LG: I’m sure you ensure the very highest levels of satisfaction in your personal life as well. What do you do when you’re not in the pool?
JH: Well, I live on the Upper West Side with my partner, Tony, and we spend weekends upstate in the Hudson Valley. I’m an obsessive collector of off-the-beaten-path Christmas music, and convene friends into a group called The Queen Family Singers for an annual Christmas/Show tune mashup.
LG: That does explain the eggnog.
JH: In case that’s not gay enough, a group of friends and I also created the Paul Lynde Theatre Society, basically a reason to take in gay theatre — the good, the bad and the sublime.

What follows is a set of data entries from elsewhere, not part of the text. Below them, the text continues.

(* Let $\mathcal F=(\{U_n\},\{V_n\})$ be a frame and $\mathbb{P}$, $\Omega$ as in the context. For $\omega\in\Omega$ define the sequence of finite sets $(L^\omega_k)_{k\ge1}$ by concatenating, for $i=1,2,3,\dots$ in order, $U_{\omega_i}$ copies of $I_1$ followed by $V_{\omega_i}$ copies of $I_{2^d}$. Then for $\mathbb{P}$-almost every $\omega$ and every $t\ge0$, $$\liminf_{n\to\infty}\frac1n\log\sum_{w\in\prod_{k=1}^nL^\omega_k}2^{-nt}\le -t\log2.$$
   Context: $d\ge1$; $I_1=\{(0,\dots,0)\}\subset\{0,1\}^d$ and $I_{2^d}=\{0,1\}^d$. A frame is a pair $\mathcal F=(\{U_n\}_{n\in\mathbb{N}},\{V_n\}_{n\in\mathbb{N}})$ of sequences of positive integers with $U_1\ge1$ and, for all $n\in\mathbb{N}$, $nU_n\le V_n$ and $(U_n+V_n)^3\le U_{n+1}$. $\Omega=\mathbb{N}^{\mathbb{N}}$ carries the Bernoulli measure $\mathbb{P}$ with $\mathbb{P}([\omega_1\dots\omega_n])=p_{\omega_1}\cdots p_{\omega_n}$, where $p_n=\frac{1}{Cn^2}$, $C=\sum_{n\ge1}n^{-2}$. *)

theory Defs
  imports "HOL-Probability.Probability"
begin

definition cube :: "nat \<Rightarrow> nat list set" where
  "cube d = {xs. length xs = d \<and> set xs \<subseteq> {0,1}}"

definition I_one :: "nat \<Rightarrow> nat list set" where
  "I_one d = {replicate d 0}"

definition I_full :: "nat \<Rightarrow> nat list set" where
  "I_full d = cube d"

text \<open>Frames: sequences indexed by n \<ge> 1 (values at index 0 are irrelevant).\<close>

definition is_frame :: "(nat \<Rightarrow> nat) \<Rightarrow> (nat \<Rightarrow> nat) \<Rightarrow> bool" where
  "is_frame U V \<longleftrightarrow> U 1 \<ge> 1 \<and>
     (\<forall>n\<ge>1. U n \<ge> 1 \<and> V n \<ge> 1 \<and> n * U n \<le> V n \<and> (U n + V n) ^ 3 \<le> U (n + 1))"

definition Cconst :: real where
  "Cconst = (\<Sum>n. 1 / (real (Suc n))^2)"

definition pw :: "nat \<Rightarrow> real" where
  "pw n = (if n = 0 then 0 else 1 / (Cconst * (real n)^2))"

text \<open>Bernoulli measure on \<Omega> = \<nat>^\<nat>; omega i (i = 0,1,...) is the paper's \<omega>_{i+1}.\<close>

definition Pmeas :: "(nat \<Rightarrow> nat) measure" where
  "Pmeas = PiM UNIV (\<lambda>_. density (count_space UNIV) (\<lambda>n. ennreal (pw n)))"
lemma weak_le_comp_permutes:
  assumes "\<sigma> permutes {1..Suc r}"
    and keeps_order: "\<And>a b. a \<in> {1..Suc r} \<Longrightarrow> b \<in> {1..Suc r} \<Longrightarrow> a < b \<Longrightarrow>
      p (\<sigma> a) < p (\<sigma> b) \<Longrightarrow> \<sigma> a < \<sigma> b"
  shows "weak_le r p (p \<circ> \<sigma>)"
  unfolding weak_le_def inversions_def
proof safe
  fix j k assume j: "j \<in> {1..Suc r}" and k: "k \<in> {1..Suc r}" and "j < k" "p k < p j"
  define a b where "a = inv \<sigma> j" and "b = inv \<sigma> k"
  have ab: "a \<in> {1..Suc r}" "b \<in> {1..Suc r}" "\<sigma> a = j" "\<sigma> b = k"
    using permutes_in_image[OF permutes_inv[OF assms(1)]] permutes_inverses(1)[OF assms(1)] j k
    unfolding a_def b_def by blast+
  have "a < b"
  proof (rule ccontr)
    assume "\<not> a < b"
    then have "b < a"
      using ab \<open>j < k\<close> by (cases "a = b") auto
    then show False
      using keeps_order[of b a] ab \<open>j < k\<close> \<open>p k < p j\<close> by auto
  qed
  then show "\<exists>j' k'. (p j, p k) = ((p \<circ> \<sigma>) j', (p \<circ> \<sigma>) k') \<and> j' \<in> {1..Suc r} \<and> k' \<in> {1..Suc r}
      \<and> j' < k' \<and> (p \<circ> \<sigma>) k' < (p \<circ> \<sigma>) j'"
    using ab \<open>p k < p j\<close> by (intro exI[of _ a] exI[of _ b]) auto
qed

locale window_move =
  fixes r s w :: nat and T S :: "nat set" and DT DS :: "nat list"
    and G :: "nat list \<Rightarrow> nat list"
  assumes window: "1 \<le> s" "0 < w" "s + w \<le> r + 2"
    and T_subset: "T \<subseteq> {1..r}" and S_subset: "S \<subseteq> {1..r}"
    and DT_def: "DT = filter (\<lambda>k. s + k \<in> T) [0..<w - 1]"
    and DS_def: "DS = filter (\<lambda>k. s + k \<in> S) [0..<w - 1]"
    and T_S_outside: "\<And>x. x < s \<or> s + w - 1 \<le> x \<Longrightarrow> x \<in> T \<longleftrightarrow> x \<in> S"
    and ascent_before: "s - 1 \<notin> T" and ascent_after: "s + w - 1 \<notin> T"
    and admissible: "\<forall>P \<in> patterns_with_descents w DT. admissible_rearrangement P (G P) DS"
    and injective: "inj_on (\<lambda>P. map ((!) P) (G P)) (patterns_with_descents w DT)"
begin

definition move :: "(nat \<Rightarrow> nat) \<Rightarrow> nat \<Rightarrow> nat" where
  "move p = p \<circ> shift_perm s (G (window_pattern p s w))"

lemma window_pattern_in_patterns_with_descents:
  assumes "p \<in> Dset r T"
  shows "window_pattern p s w \<in> patterns_with_descents w DT"
proof -
  have p: "p permutes {1..Suc r}" and descents_p: "descent_set r p = T"
    using assms by (auto simp: Dset_def perms_def)
  have "inj_on p {s..<s + w}"
    using permutes_inj[OF p] by (rule inj_on_subset) simp
  moreover have "descents (window_pattern p s w) = DT"
    unfolding descents_def DT_def length_window_pattern
  proof (intro filter_cong refl)
    fix k assume "k \<in> set [0..<w - 1]"
    then have "k < w - 1" by simp
    then have "s + k \<in> {1..r}"
      using window by auto
    then show "window_pattern p s w ! Suc k < window_pattern p s w ! k \<longleftrightarrow> s + k \<in> T"
      using window_pattern_less_iff[of "Suc k" w k p s] \<open>k < w - 1\<close> descents_p
      by (auto simp: descent_set_def)
  qed
  ultimately show ?thesis
    by (simp add: patterns_with_descents_def window_pattern_in_permutations)
qed

context
  fixes p assumes p: "p \<in> Dset r T"
begin

abbreviation "P \<equiv> window_pattern p s w"
abbreviation "g \<equiv> G P"

lemma admissible_g: "admissible_rearrangement P g DS"
  using admissible window_pattern_in_patterns_with_descents[OF p] by blast

lemma g_permutation: "g \<in> permutations_of_set {0..<w}" and length_g: "length g = w"
  using admissible_rearrangementD(1,2)[OF admissible_g] by simp_all

lemma g_less: "k < w \<Longrightarrow> g ! k < w"
  using permutations_of_setD(1)[OF g_permutation] nth_mem[of k g] length_g by auto

lemma shift_perm_g_permutes_window: "shift_perm s g permutes {s..<s + w}"
  using shift_perm_permutes[of g s] g_permutation length_g by simp

lemma shift_perm_g_permutes: "shift_perm s g permutes {1..Suc r}"
  using shift_perm_g_permutes_window window by (auto intro: permutes_subset)

lemma move_permutes: "move p permutes {1..Suc r}"
  using permutes_compose[OF shift_perm_g_permutes] p by (simp add: move_def Dset_def perms_def)

lemma move_inside: "k < w \<Longrightarrow> move p (s + k) = p (s + g ! k)"
  by (simp add: move_def shift_perm_def length_g)

lemma move_outside: "x < s \<or> s + w \<le> x \<Longrightarrow> move p x = p x"
  by (auto simp: move_def shift_perm_def length_g)

lemma move_less_iff:
  assumes "a < w" "b < w"
  shows "move p (s + a) < move p (s + b) \<longleftrightarrow> map ((!) P) g ! a < map ((!) P) g ! b"
  using assms window_pattern_less_iff[of "g ! a" w "g ! b" p s] g_less length_g
  by (simp add: move_inside)

lemma window_pattern_move: "window_pattern (move p) s w = map ((!) P) g"
proof -
  have "map ((!) P) g \<in> permutations_of_set {0..<w}"
    using permutation_list_comp window_pattern_in_patterns_with_descents[OF p] g_permutation
    by (auto simp: patterns_with_descents_def)
  then have "window_pattern ((!) (map ((!) P) g)) 0 w = map ((!) P) g"
    by (rule window_pattern_of_permutation_list)
  moreover have "window_pattern (move p) s w = window_pattern ((!) (map ((!) P) g)) 0 w"
    by (rule window_pattern_cong) (simp add: move_less_iff)
  ultimately show ?thesis
    by simp
qed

LG: The first thing was gay enough. So, you refer to yourself as the Lane 5 Den Mother. What do you mean by that?
JH: Oh, you know. [Sings] Kids! I don’t know what’s wrong with these kids today!
LG: [Does a quick Google search and learns that Joe has made an obscure Paul Lynde reference from “Bye Bye Birdie.” Decides reference wins prize for “gay enough.”]
JH: Actually, I appreciate the way TNYA is accessible to people who are not star swimmers, often coming late to swimming.
LG: As a gatekeeper I am duty-bound to clarify that he means late in life, not late for practice.
JH: I know how anxious it can be for people starting out, so I do my best to welcome, to translate, and to reassure.
LG: It sounds like you ensure the very highest levels of satisfaction in the pool as well, and it is greatly appreciated. TNYA is lucky to have you.[The two clink glasses and depart, leaving behind the faint sound of jingle bells.]